# Examples of fitting smooth trend DFA
models

#### Eric J. Ward, Sean C. Anderson, Mary E. Hunsicker,
Mike A. Litzow, Luis A. Damiano, Mark D. Scheuerell, Elizabeth E.
Holmes, Nick Tolimieri

#### 2024-02-26

In addition to fitting conventional DFA models with trends modeled as
random walks (or ARMA processes), we can also construct models where
underlying trends are treated as smooth trends (B-splines, P-splines, or
Gaussian processes).

Let’s load the necessary packages:

```
library(bayesdfa)
library(ggplot2)
library(dplyr)
library(rstan)
chains = 1
iter = 10
```

## Data simulation

The `sim_dfa`

function normally simulates loadings \(\sim N(0,1)\), but here we will simulate
time series that are more similar with loadings \(\sim N(1,0.1)\)

```
set.seed(1)
s = sim_dfa(num_trends = 1, num_years = 1000, num_ts = 4,
loadings_matrix = matrix(nrow = 4, ncol = 1, rnorm(4 * 1,
1, 0.1)), sigma=0.05)
```

`matplot(t(s$y_sim), type="l")`

## Estimating trends as B-splines

As a first approach, we can fit models where trends are estimated as
B-splines.
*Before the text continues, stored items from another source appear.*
section \<open>Eliminating a finite summand\<close>

primrec elim_summand ::
  "('b, 'r) struc \<Rightarrow> 'b list \<Rightarrow> (nat \<Rightarrow> 'b option) \<Rightarrow> (nat \<Rightarrow> 'b set) \<Rightarrow> 'r mso \<Rightarrow> 'r mso" where
  "elim_summand B bs fo so (Rel R xs) =
     Disj (if \<forall>x\<in>set xs. fo x = None then Rel R xs else mso_const False)
       (mso_const ((\<forall>x\<in>set xs. fo x \<noteq> None) \<and> map (the \<circ> fo) xs \<in> rels B R))"
| "elim_summand B bs fo so (Eq x y) =
     (case (fo x, fo y) of
        (None, None) \<Rightarrow> Eq x y
      | (Some a, Some b) \<Rightarrow> mso_const (a = b)
      | _ \<Rightarrow> mso_const False)"
| "elim_summand B bs fo so (Mem x X) =
     (case fo x of None \<Rightarrow> Mem x X | Some b \<Rightarrow> mso_const (b \<in> so X))"
| "elim_summand B bs fo so (Neg \<phi>) = Neg (elim_summand B bs fo so \<phi>)"
| "elim_summand B bs fo so (Conj \<phi> \<psi>) = Conj (elim_summand B bs fo so \<phi>) (elim_summand B bs fo so \<psi>)"
| "elim_summand B bs fo so (Disj \<phi> \<psi>) = Disj (elim_summand B bs fo so \<phi>) (elim_summand B bs fo so \<psi>)"
| "elim_summand B bs fo so (Ex1 x \<phi>) =
     Disj (Ex1 x (elim_summand B bs (fo(x := None)) so \<phi>))
       (disjs (map (\<lambda>b. elim_summand B bs (fo(x := Some b)) so \<phi>) bs))"
| "elim_summand B bs fo so (All1 x \<phi>) =
     Conj (All1 x (elim_summand B bs (fo(x := None)) so \<phi>))
       (conjs (map (\<lambda>b. elim_summand B bs (fo(x := Some b)) so \<phi>) bs))"
| "elim_summand B bs fo so (ExS X \<phi>) =
     disjs (map (\<lambda>Q. ExS X (elim_summand B bs fo (so(X := set Q)) \<phi>)) (subseqs bs))"
| "elim_summand B bs fo so (AllS X \<phi>) =
     conjs (map (\<lambda>Q. AllS X (elim_summand B bs fo (so(X := set Q)) \<phi>)) (subseqs bs))"
lemma total_at_cover:
  assumes tot: "total_at c" and c: "c \<in> hom C T A"
  obtains f m e where "is_image C f m" "f \<in> hom C (dm C f) T" "sub_le C (idt C T) m"
    "e \<in> hom C (dm C f) PAB" "sub_le C e Ra" "cmp C a1 e = cmp C c f"
proof -
  note proj = projections_in_hom
  have B: "B \<in> Ob C"
    using hom_Ob[OF proj(2)] by blast
  obtain bang where bang: "bang \<in> hom C B T"
    using terminal_arrow[OF terminal B] by blast
  obtain u where u: "u \<in> hom C B PAB" "cmp C a1 u = cmp C c bang" "cmp C b1 u = idt C B"
    using product_pair[OF prodAB comp_in_hom[OF bang c] idt_in_hom[OF B]] by blast
  have "is_pair C a1 b1 (cmp C c bang) (idt C B) u"
    using u comp_in_hom[OF bang c] proj unfolding is_pair_def by (simp add: hom_iff)
  obtain s q where pb_s: "is_pullback C u Ra s q"
    using pullback_exists[OF u(1) Sub_in_hom[OF Ra]] by blast
  note sq = pullback_in_hom[OF pb_s]
  have s: "s \<in> hom C (dm C s) B"
    using sq(1) u(1) by (simp add: hom_iff)
  obtain m where im: "is_image C (cmp C bang s) m"
    using image_exists comp_in_hom[OF s bang] by (auto simp: hom_iff)
  have "sub_le C (idt C T) m"
    using tot bang \<open>is_pair C a1 b1 (cmp C c bang) (idt C B) u\<close> pb_s im
    unfolding total_at_def pb_def by blast
  moreover have "sub_le C (cmp C u s) Ra"
    using sub_leI[OF Sub_in_hom[OF Ra]] sq(2) pullback_commutes[OF pb_s] by (simp add: hom_iff)
  moreover have "cmp C a1 (cmp C u s) = cmp C c (cmp C bang s)"
    using comp_assoc[OF s u(1) proj(1)] comp_assoc[OF s bang c] u(2) by simp
  moreover have "dm C (cmp C bang s) = dm C s"
    using comp_in_hom[OF s bang] by (simp add: hom_iff)
  ultimately show thesis
    using that[OF im] comp_in_hom[OF s bang] comp_in_hom[OF s u(1)] by simp
qed

lemma diagonal_exists:
  obtains k \<delta> where "k \<in> hom C (dm C k) PAB"
    "\<And>g. sub_le C g k \<longleftrightarrow> sub_le C g Ra \<and> sub_le C (cmp C swap g) Rb"
    "is_image C (cmp C a1 k) \<delta>" "\<delta> \<in> Sub C A"
proof -
  obtain rb rb' where pb_rb: "is_pullback C swap Rb rb rb'"
    using pullback_exists[OF swap_in_hom Sub_in_hom[OF Rb]] by blast
  have rb: "rb \<in> hom C (dm C rb) PAB"
    using pullback_in_hom(1)[OF pb_rb] swap_in_hom by (simp add: hom_iff)
  obtain kp kq where meet: "is_pullback C Ra rb kp kq"
    using pullback_exists[OF Sub_in_hom[OF Ra] rb] by blast
  define k where "k = cmp C Ra kp"
  have k: "k \<in> hom C (dm C k) PAB"
    using comp_in_hom[OF pullback_in_hom(1)[OF meet] Sub_in_hom[OF Ra]]
    unfolding k_def by (simp add: hom_iff)
  have "sub_le C g k \<longleftrightarrow> sub_le C g Ra \<and> sub_le C (cmp C swap g) Rb" for g
  proof -
    have "sub_le C g Ra \<Longrightarrow> g \<in> hom C (dm C g) PAB"
      using sub_leE[OF _ Sub_in_hom[OF Ra]] by blast
    then show ?thesis
      using sub_le_meet_iff[OF meet] sub_le_pullback_iff[OF pb_rb swap_in_hom]
      unfolding k_def by blast
  qed
  moreover obtain \<delta> where im: "is_image C (cmp C a1 k) \<delta>"
    using image_exists comp_in_hom[OF k projections_in_hom(1)] by (auto simp: hom_iff)
  moreover have "\<delta> \<in> Sub C A"
    using im comp_in_hom[OF k projections_in_hom(1)]
    unfolding is_image_def Sub_def by (simp add: hom_iff)
  ultimately show thesis
    using that k by blast
qed
lemma total_cost_bad_instance:
  assumes "h > 0"
  shows "total_cost bad_instance (2*h) \<omega> x =
    real h - (\<Sum>t\<in>{1..h}. x t 0) + \<bar>real h - (\<Sum>t\<in>{1..2*h}. x t 0)\<bar>"
proof -
  have "{1..2::nat} = {1, 2}" by auto
  then have "total_cost bad_instance (2*h) \<omega> x =
      real h * (1 - (\<Sum>t\<in>{1..h}. x t 0) / real h)
      + 2 * real h * \<bar>1/2 - (\<Sum>t\<in>{1..2*h}. x t 0) / (2 * real h)\<bar>"
    by (simp add: total_cost_def bad_instance_def ring_distribs)
  also have "2 * real h * \<bar>1/2 - (\<Sum>t\<in>{1..2*h}. x t 0) / (2 * real h)\<bar>
      = \<bar>real h - (\<Sum>t\<in>{1..2*h}. x t 0)\<bar>"
    using assms by (simp add: abs_mult[symmetric] field_simps)
  also have "real h * (1 - (\<Sum>t\<in>{1..h}. x t 0) / real h) = real h - (\<Sum>t\<in>{1..h}. x t 0)"
    using assms by (simp add: field_simps)
  finally show ?thesis .
qed

lemma total_cost_bad_instance_ge:
  assumes "h > 0"
  shows "(\<Sum>t\<in>{h+1..2*h}. x t 0) \<le> total_cost bad_instance (2*h) \<omega> x"
  unfolding total_cost_bad_instance[OF assms] sum_split_halves by linarith

lemma offline_opt_bad_instance_le_0:
  assumes "h > 0"
  shows "offline_opt bad_instance (2*h) \<omega> \<le> 0"
proof -
  define x0 :: "nat \<Rightarrow> nat \<Rightarrow> real" where "x0 t i = (if t \<le> h then 1 else 0)" for t i
  have feasible_x0: "\<forall>t\<in>{1..2*h}. feasible bad_instance \<omega> t (x0 t)"
    by (simp add: feasible_bad_instance x0_def)
  have "total_cost bad_instance (2*h) \<omega> x0 = 0"
    unfolding total_cost_bad_instance[OF assms] sum_split_halves by (simp add: x0_def)
  moreover have "bdd_below {total_cost bad_instance (2*h) \<omega> x | x.
      \<forall>t\<in>{1..2*h}. feasible bad_instance \<omega> t (x t)}"
  proof (rule bdd_belowI[of _ 0], clarify)
    fix x assume feasible: "\<forall>t\<in>{1..2*h}. feasible bad_instance \<omega> t (x t)"
    have "0 \<le> x t 0" if "t \<in> {h+1..2*h}" for t
      using feasible[rule_format, of t] that by (auto simp: feasible_bad_instance)
    then have "0 \<le> (\<Sum>t\<in>{h+1..2*h}. x t 0)"
      by (rule sum_nonneg)
    then show "0 \<le> total_cost bad_instance (2*h) \<omega> x"
      using total_cost_bad_instance_ge[OF assms] by (rule order_trans)
  qed
  then have "offline_opt bad_instance (2*h) \<omega> \<le> total_cost bad_instance (2*h) \<omega> x0"
    unfolding offline_opt_def by (rule cInf_lower[rotated]) (use feasible_x0 in blast)
  ultimately show ?thesis by simp
qed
To do this, we change the `trend_model`

argument,
and specify the number of knots. More knots translates to smoother
functions. For example,

```
set.seed(1)
fit = fit_dfa(y = s$y_sim, num_trends = 1,
trend_model = "bs", n_knots = 7)
```

Or for a model with more knots,

```
set.seed(1)
fit = fit_dfa(y = s$y_sim, num_trends = 1,
trend_model = "bs", n_knots = 14)
```

## Estimating trends as P-splines

Obviously, trends from the B-spline model are sensitive to the number
of knots. As an alternative, we also allow trends to be modeled as
penalized regression splines (“P-splines”). These methods are less
sensitive to the numbers of knots, and only require the knots to be
enough to adequately describe the wiggliness of the function.

We can fit these kinds of models by changing the
`trend_model`

argument

```
set.seed(1)
fit = fit_dfa(y = s$y_sim, num_trends = 1,
trend_model = "ps", n_knots = 7)
```

## Estimating trends as Gaussian processes

Finally, another type of smoothing that can be done is treating the
trends as Gaussian processes. Both full rank models (knots = time
points) or predictive process models may be fit (fewer knots results in
smoother functions). These types of models may be specified by again
changing the `trend_model`

argument,

```
set.seed(1)
fit = fit_dfa(y = s$y_sim, num_trends = 1,
trend_model = "gp", n_knots = 7)
```

## Comparing approaches

All of the smooth trend methods are flexible and able to capture the
wiggliness of latent trends. Based on our experience, the B-spline and
P-spline models will generally fit faster than the Gaussian predicitve
process models (because they omit a critical matrix inversion step). The
full rank Gaussian process models tend to be faster than the predictive
process models. All of these approaches can be compared using cross
validation, or similar predictive performance criterion.